_WORK TASK_
Look at the entries below and restate word for word the lines from the first through the one that has "gram_schmidt n (cols".

_INPUT_
text \<open>
  The \<open>j\<close>-th Gram-Schmidt vector is the \<open>j\<close>-th input minus a combination of the earlier
  outputs, so the \<open>j\<close>-th column of \<open>P\<close> is orthogonal to every later output.
\<close>
lemma gram_schmidt_cols_triangular:
  fixes P :: "complex mat"
  assumes P: "P \<in> carrier_mat n n" and det: "det P \<noteq> 0"
  defines "us \<equiv> gram_schmidt n (cols P)"
  shows "length us = n" and "set us \<subseteq> carrier_vec n" and "corthogonal us"
    and "\<And>i j. i < n \<Longrightarrow> j \<le> i \<Longrightarrow> col P j \<bullet>c us!i = (if i = j then us!i \<bullet>c us!i else 0)"
proof -
  define ws where "ws = cols P"
  have ws: "set ws \<subseteq> carrier_vec n" "length ws = n" using P unfolding ws_def by (auto simp: cols_def)
  have dist: "distinct ws"
  proof (rule ccontr)
    assume "\<not> distinct ws"
    then obtain i j where ij: "i < n" "j < n" "i \<noteq> j" "ws!i = ws!j"
      using ws(2) by (metis distinct_conv_nth)
    then have "col P i = col P j" using P unfolding ws_def by auto
    from det_identical_columns[OF P ij(3) ij(1,2) this] det show False by simp
  qed
  interpret cof_vec_space n "TYPE(complex)" .
  have indep: "\<not> lin_dep (set ws)" using lin_dep_cols_imp_det_0[OF P] det unfolding ws_def by auto
  note gs = gram_schmidt_result[OF ws(1) dist indep us_def[folded ws_def, THEN meta_eq_to_obj_eq]]
  show len: "length us = n" and car: "set us \<subseteq> carrier_vec n" and orth: "corthogonal us"
    using gs ws(2) by simp_all
  fix i j assume i: "i < n" and j: "j \<le> i"
  have jn: "j < n" using i j by auto
  define a where "a = adjuster n (ws!j) (rev (take j us))"
  have take_car: "set (rev (take j us)) \<subseteq> carrier_vec n"
    using car set_take_subset[of j us] by auto
  have a: "a \<in> carrier_vec n" unfolding a_def by (rule adjuster_carrier_vec[OF take_car])
  have usi: "us!i \<in> carrier_vec n" and usj: "us!j \<in> carrier_vec n" using car len i jn by auto
  have "us!j = a + ws!j"
    using gram_schmidt_sub2_nth[of j ws n "[]"] ws(2) jn
    unfolding us_def ws_def[symmetric] gram_schmidt_code a_def by simp
  then have col_eq: "col P j = us!j - a"
    using a ws jn P unfolding ws_def by auto
  have "a \<bullet>c us!i = 0" unfolding a_def
  proof (rule adjuster_cscalar_prod_eq_0[OF take_car usi], rule ballI)
    fix u assume "u \<in> set (rev (take j us))"
    then obtain k where "k < j" "u = us!k" using len jn by (auto simp: in_set_conv_nth)
    then show "u \<bullet>c us!i = 0" using corthogonalD[OF orth, of k i] i j len by auto
  qed
  then have "col P j \<bullet>c us!i = us!j \<bullet>c us!i"
    unfolding col_eq by (simp add: minus_scalar_prod_distrib[OF usj a] usi)
  then show "col P j \<bullet>c us!i = (if i = j then us!i \<bullet>c us!i else 0)"
    using corthogonalD[OF orth, of j i] i jn len by auto
qed

lemma cscalar_prod_as_sum:
  "v \<in> carrier_vec n \<Longrightarrow> w \<in> carrier_vec n \<Longrightarrow> v \<bullet>c w = (\<Sum>m<n. v$m * cnj (w$m))"
  unfolding scalar_prod_def by (auto intro!: sum.cong simp: lessThan_atLeast0)

lemma cscalar_prod_self_pos:
  fixes v :: "complex vec"
  assumes "v \<bullet>c v \<noteq> 0"
  shows "v \<bullet>c v = complex_of_real (Re (v \<bullet>c v))" and "Re (v \<bullet>c v) > 0"
proof -
  have "v \<bullet>c v > 0" using assms conjugate_square_ge_0_vec[of v] by (simp add: order_le_less)
  then show "v \<bullet>c v = complex_of_real (Re (v \<bullet>c v))" and "Re (v \<bullet>c v) > 0"
    by (auto simp: less_complex_def complex_eq_iff)
qed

_RESPONSE TO THE EXERCISE_
text \<open>
  The \<open>j\<close>-th Gram-Schmidt vector is the \<open>j\<close>-th input minus a combination of the earlier
  outputs, so the \<open>j\<close>-th column of \<open>P\<close> is orthogonal to every later output.
\<close>
lemma gram_schmidt_cols_triangular:
  fixes P :: "complex mat"
  assumes P: "P \<in> carrier_mat n n" and det: "det P \<noteq> 0"
  defines "us \<equiv> gram_schmidt n (cols P)"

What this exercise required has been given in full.